## Aim of the task
After finding the line with "k = (\<Sum>s=0..k." in the entries below, retype exactly each line from there through the line with "by (simp add: interval U_fps_def)", including that final line.

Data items
(* Let $M\in\mathbb{N}_0$ and $N\in\mathbb{N}$ with $N\le\lfloor M/2\rfloor+1$. Let $U_{(N,M)}\in\mathbb{R}^{N\times N}$ be the upper triangular matrix with entries $(U_{(N,M)})_{N-\ell,N-\ell-k}=0$ for $1\le k\le N-1-\ell$, and $$(U_{(N,M)})_{N-\ell,N-\ell+k}=\frac{1}{(2k+1)2^{2k}}\binom{M-2\ell+2k}{2k},\qquad 0\le k\le\ell,$$ for $0\le\ell\le N-1$ (so the diagonal entries, $k=0$, equal $1$). Then $U_{(N,M)}^{-1}$ is upper unitriangular with entries $(U^{-1}_{(N,M)})_{N-\ell,N-\ell-k}=0$ for $1\le k\le N-1-\ell$ and $$(U^{-1}_{(N,M)})_{N-\ell,N-\ell+k}=\tau_{2k}\frac{(M-2\ell+2k)!}{(M-2\ell)!},\qquad 0\le k\le\ell,\ 0\le\ell\le N-1,$$ where $\tau_0=1$ and $\tau_{2k}=\sum_{s=0}^{k-1}\frac{-\tau_{2s}}{2^{2k-2s}(2k-2s+1)!}$ for $k>0$. *)

theory Defs
  imports Complex_Main "Jordan_Normal_Form.Matrix"
begin

text \<open>tau k stands for the paper's tau_{2k}.\<close>
fun tau :: "nat \<Rightarrow> real" where
  "tau k = (if k = 0 then 1
            else (\<Sum>s<k. - tau s / (2 ^ (2*k - 2*s) * fact (2*k - 2*s + 1))))"

text \<open>Matrices are 0-indexed: row i (0 \<le> i < N) is the paper's row i+1,
  so the paper's row N - l is i = N - 1 - l, and column N - l + k is j = i + k.\<close>
definition U_mat :: "nat \<Rightarrow> nat \<Rightarrow> real mat" where
  "U_mat N M = mat N N (\<lambda>(i,j).
     if j < i then 0
     else (let l = N - 1 - i; k = j - i in
           1 / ((2 * real k + 1) * 2 ^ (2*k)) * real ((M - 2*l + 2*k) choose (2*k))))"

definition Uinv_mat :: "nat \<Rightarrow> nat \<Rightarrow> real mat" where
  "Uinv_mat N M = mat N N (\<lambda>(i,j).
     if j < i then 0
     else (let l = N - 1 - i; k = j - i in
           tau k * fact (M - 2*l + 2*k) / fact (M - 2*l)))"

end

theory Submission
  imports Defs "HOL-Computational_Algebra.Formal_Power_Series"
begin

text \<open>Writing F i = (M - 2(N-1-i))!, both matrices have the form D^-1 T D with
  D = diag(F 0, ..., F (N-1)) and T an upper triangular Toeplitz matrix: the entries
  of T are the coefficients of a power series, namely c k = 1 / (2^(2k) (2k+1)!) for U
  and \<open>\<tau>\<close> k for its claimed inverse. Such matrices multiply like their power
  series, and the recursion defining \<open>\<tau>\<close> says precisely that the series of \<open>\<tau>\<close>
  is the reciprocal of the series of c. The hypothesis N \<le> M div 2 + 1 only ensures
  that M - 2(N-1-i) = M + 2i + 2 - 2N involves no truncated subtraction.\<close>

definition scaled_toeplitz_mat :: "nat \<Rightarrow> (nat \<Rightarrow> 'a::field) \<Rightarrow> 'a fps \<Rightarrow> 'a mat" where
  "scaled_toeplitz_mat N F f = mat N N (\<lambda>(i,j). if j < i then 0 else F j / F i * fps_nth f (j - i))"

lemma dim_scaled_toeplitz_mat [simp]:
  "dim_row (scaled_toeplitz_mat N F f) = N" "dim_col (scaled_toeplitz_mat N F f) = N"
  by (simp_all add: scaled_toeplitz_mat_def)

lemma sum_restrict_interval:
  fixes i j N :: nat
  assumes "j < N"
  shows "(\<Sum>m<N. if i \<le> m \<and> m \<le> j then h m else 0) = (\<Sum>m=i..j. h m)"
proof -
  have "(\<Sum>m<N. if i \<le> m \<and> m \<le> j then h m else 0) = (\<Sum>m<N. if m \<in> {i..j} then h m else 0)"
    by simp
  also have "\<dots> = sum h ({..<N} \<inter> {i..j})"
    by (rule sum.inter_restrict[symmetric]) simp
  also have "{..<N} \<inter> {i..j} = {i..j}"
    using assms by auto
  finally show ?thesis .
qed

lemma scaled_toeplitz_mat_mult:
  assumes F: "\<And>i. i < N \<Longrightarrow> F i \<noteq> 0"
  shows "scaled_toeplitz_mat N F f * scaled_toeplitz_mat N F g = scaled_toeplitz_mat N F (f * g)"
proof (rule eq_matI)
  fix i j
  assume "i < dim_row (scaled_toeplitz_mat N F (f * g))" "j < dim_col (scaled_toeplitz_mat N F (f * g))"
  then have i: "i < N" and j: "j < N"
    by simp_all
  have entry: "scaled_toeplitz_mat N F f $$ (i, m) * scaled_toeplitz_mat N F g $$ (m, j) =
      (if i \<le> m \<and> m \<le> j then F j / F i * (fps_nth f (m - i) * fps_nth g (j - m)) else 0)" if m: "m < N" for m
    using i j m F[OF i] F[OF m] by (auto simp: scaled_toeplitz_mat_def)
  have "(scaled_toeplitz_mat N F f * scaled_toeplitz_mat N F g) $$ (i, j) =
      (\<Sum>m<N. scaled_toeplitz_mat N F f $$ (i, m) * scaled_toeplitz_mat N F g $$ (m, j))"
    using i j by (simp add: scalar_prod_def lessThan_atLeast0)
  also have "\<dots> = (\<Sum>m<N. if i \<le> m \<and> m \<le> j then F j / F i * (fps_nth f (m - i) * fps_nth g (j - m)) else 0)"
    by (rule sum.cong) (simp_all add: entry)
  also have "\<dots> = (\<Sum>m=i..j. F j / F i * (fps_nth f (m - i) * fps_nth g (j - m)))"
    by (rule sum_restrict_interval[OF j])
  also have "\<dots> = scaled_toeplitz_mat N F (f * g) $$ (i, j)"
  proof (cases "i \<le> j")
    case True
    have "(\<Sum>m=i..j. F j / F i * (fps_nth f (m - i) * fps_nth g (j - m))) =
        F j / F i * (\<Sum>m=i..j. fps_nth f (m - i) * fps_nth g (j - m))"
      by (rule sum_distrib_left[symmetric])
    also have "(\<Sum>m=i..j. fps_nth f (m - i) * fps_nth g (j - m)) = fps_nth (f * g) (j - i)"
      using sum.atLeastAtMost_shift_0[OF True, of "\<lambda>m. fps_nth f (m - i) * fps_nth g (j - m)"]
      by (simp add: comp_def fps_mult_nth)
    finally show ?thesis
      using True i j by (simp add: scaled_toeplitz_mat_def)
  qed (use i j in \<open>simp add: scaled_toeplitz_mat_def\<close>)
  finally show "(scaled_toeplitz_mat N F f * scaled_toeplitz_mat N F g) $$ (i, j) =
      scaled_toeplitz_mat N F (f * g) $$ (i, j)" .
qed simp_all

lemma scaled_toeplitz_mat_one:
  assumes F: "\<And>i. i < N \<Longrightarrow> F i \<noteq> 0"
  shows "scaled_toeplitz_mat N F 1 = 1\<^sub>m N"
  using F by (intro eq_matI) (auto simp: scaled_toeplitz_mat_def)

lemma scaled_toeplitz_mat_inverse:
  assumes "\<And>i. i < N \<Longrightarrow> F i \<noteq> 0" and "f * g = 1"
  shows "inverts_mat (scaled_toeplitz_mat N F f) (scaled_toeplitz_mat N F g)"
  using assms by (simp add: inverts_mat_def scaled_toeplitz_mat_mult scaled_toeplitz_mat_one)

definition U_fps :: "real fps" where
  "U_fps = Abs_fps (\<lambda>k. 1 / (2 ^ (2*k) * fact (2*k + 1)))"

declare tau.simps [simp del]

lemma U_fps_times_tau: "U_fps * Abs_fps tau = 1"
proof (rule fps_ext)
  fix k
  have interval: "{0..k::nat} = insert k {..<k}"
    by auto
  have "fps_nth (U_fps * Abs_fps tau) k = (\<Sum>s=0..k. tau s * fps_nth U_fps (k - s))"
    by (subst mult.commute) (simp add: fps_mult_nth)
  also have "\<dots> = tau k + (\<Sum>s<k. tau s * fps_nth U_fps (k - s))"
    by (simp add: interval U_fps_def)
  also have "\<dots> = fps_nth 1 k"
  proof (cases "k = 0")
    case False
    then have "tau k = - (\<Sum>s<k. tau s * fps_nth U_fps (k - s))"
      by (subst tau.simps) (simp add: U_fps_def sum_negf[symmetric] diff_mult_distrib2[symmetric] del: sum_negf)
    then show ?thesis
      using False by simp
  qed (simp add: tau.simps)
  finally show "fps_nth (U_fps * Abs_fps tau) k = fps_nth 1 k" .
qed

lemma U_mat_eq_scaled_toeplitz:
  assumes "2 * N \<le> M + 2"
  shows "U_mat N M = scaled_toeplitz_mat N (\<lambda>i. fact (M + 2*i + 2 - 2*N)) U_fps"
proof (rule eq_matI)
  fix i j
  assume "i < dim_row (scaled_toeplitz_mat N (\<lambda>i. fact (M + 2*i + 2 - 2*N)) U_fps)"
    "j < dim_col (scaled_toeplitz_mat N (\<lambda>i. fact (M + 2*i + 2 - 2*N)) U_fps)"
  then have i: "i < N" and j: "j < N"
    by simp_all
  show "U_mat N M $$ (i, j) = scaled_toeplitz_mat N (\<lambda>i. fact (M + 2*i + 2 - 2*N)) U_fps $$ (i, j)"
  proof (cases "i \<le> j")
    case True
    define k n where "k = j - i" and "n = M + 2*j + 2 - 2*N"
    have n: "M - 2 * (N - 1 - i) + 2 * (j - i) = n" "n - 2*k = M + 2*i + 2 - 2*N" "2*k \<le> n"
      using assms True j unfolding k_def n_def by auto
    have binomial: "real (n choose (2*k)) = fact n / (fact (2*k) * fact (n - 2*k))"
      using binomial_fact[OF n(3)] by simp
    have fact_odd: "fact (2*k + 1) = (2 * real k + 1) * (fact (2*k) :: real)"
      by (simp add: fact_Suc)
    have "U_mat N M $$ (i, j) = 1 / ((2 * real k + 1) * 2 ^ (2*k)) * real (n choose (2*k))"
      using True i j n(1) by (simp add: U_mat_def Let_def k_def)
    also have "\<dots> = fact n / fact (n - 2*k) * fps_nth U_fps k"
      unfolding binomial U_fps_def fact_odd by (simp add: field_simps)
    also have "\<dots> = scaled_toeplitz_mat N (\<lambda>i. fact (M + 2*i + 2 - 2*N)) U_fps $$ (i, j)"
      using True i j n(2) by (simp add: scaled_toeplitz_mat_def k_def n_def)
    finally show ?thesis .
  qed (use i j in \<open>simp add: U_mat_def scaled_toeplitz_mat_def\<close>)
qed (simp_all add: U_mat_def)

lemma Uinv_mat_eq_scaled_toeplitz:
  assumes "2 * N \<le> M + 2"
  shows "Uinv_mat N M = scaled_toeplitz_mat N (\<lambda>i. fact (M + 2*i + 2 - 2*N)) (Abs_fps tau)"
proof (rule eq_matI)
  fix i j
  assume "i < dim_row (scaled_toeplitz_mat N (\<lambda>i. fact (M + 2*i + 2 - 2*N)) (Abs_fps tau))"
    "j < dim_col (scaled_toeplitz_mat N (\<lambda>i. fact (M + 2*i + 2 - 2*N)) (Abs_fps tau))"
  then have i: "i < N" and j: "j < N"
    by simp_all
  have "M - 2 * (N - 1 - i) + 2 * (j - i) = M + 2*j + 2 - 2*N" if "i \<le> j"
    using assms that j by auto
  moreover have "M - 2 * (N - 1 - i) = M + 2*i + 2 - 2*N"
    using assms i by auto
  ultimately show "Uinv_mat N M $$ (i, j) =
      scaled_toeplitz_mat N (\<lambda>i. fact (M + 2*i + 2 - 2*N)) (Abs_fps tau) $$ (i, j)"
    using i j by (simp add: Uinv_mat_def scaled_toeplitz_mat_def)
qed (simp_all add: Uinv_mat_def)

theorem lemma5:
  fixes N M :: nat
  assumes "1 \<le> N" and "N \<le> M div 2 + 1"
  shows "invertible_mat (U_mat N M) \<and>
         inverts_mat (U_mat N M) (Uinv_mat N M) \<and>
         inverts_mat (Uinv_mat N M) (U_mat N M)"
proof -
  have "2 * N \<le> M + 2"
    using assms(2) by linarith
  note U = U_mat_eq_scaled_toeplitz[OF this] and Uinv = Uinv_mat_eq_scaled_toeplitz[OF this]
  have tau_times_U_fps: "Abs_fps tau * U_fps = 1"
    by (subst mult.commute) (fact U_fps_times_tau)
  have right: "inverts_mat (U_mat N M) (Uinv_mat N M)"
    unfolding U Uinv by (intro scaled_toeplitz_mat_inverse fact_nonzero U_fps_times_tau)
  have left: "inverts_mat (Uinv_mat N M) (U_mat N M)"
    unfolding U Uinv by (intro scaled_toeplitz_mat_inverse fact_nonzero tau_times_U_fps)
  have "square_mat (U_mat N M)"
    by (simp add: U)
  then have "invertible_mat (U_mat N M)"
    using left right unfolding invertible_mat_def by blast
  with left right show ?thesis
    by simp
qed

end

## Written response
  have "fps_nth (U_fps * Abs_fps tau) k = (\<Sum>s=0..k. tau s * fps_nth U_fps (k - s))"
    by (subst mult.commute) (simp add: fps_mult_nth)
  also have "\<dots> = tau k + (\<Sum>s<k. tau s * fps_nth U_fps (k - s))"
    by (simp add: interval U_fps_def)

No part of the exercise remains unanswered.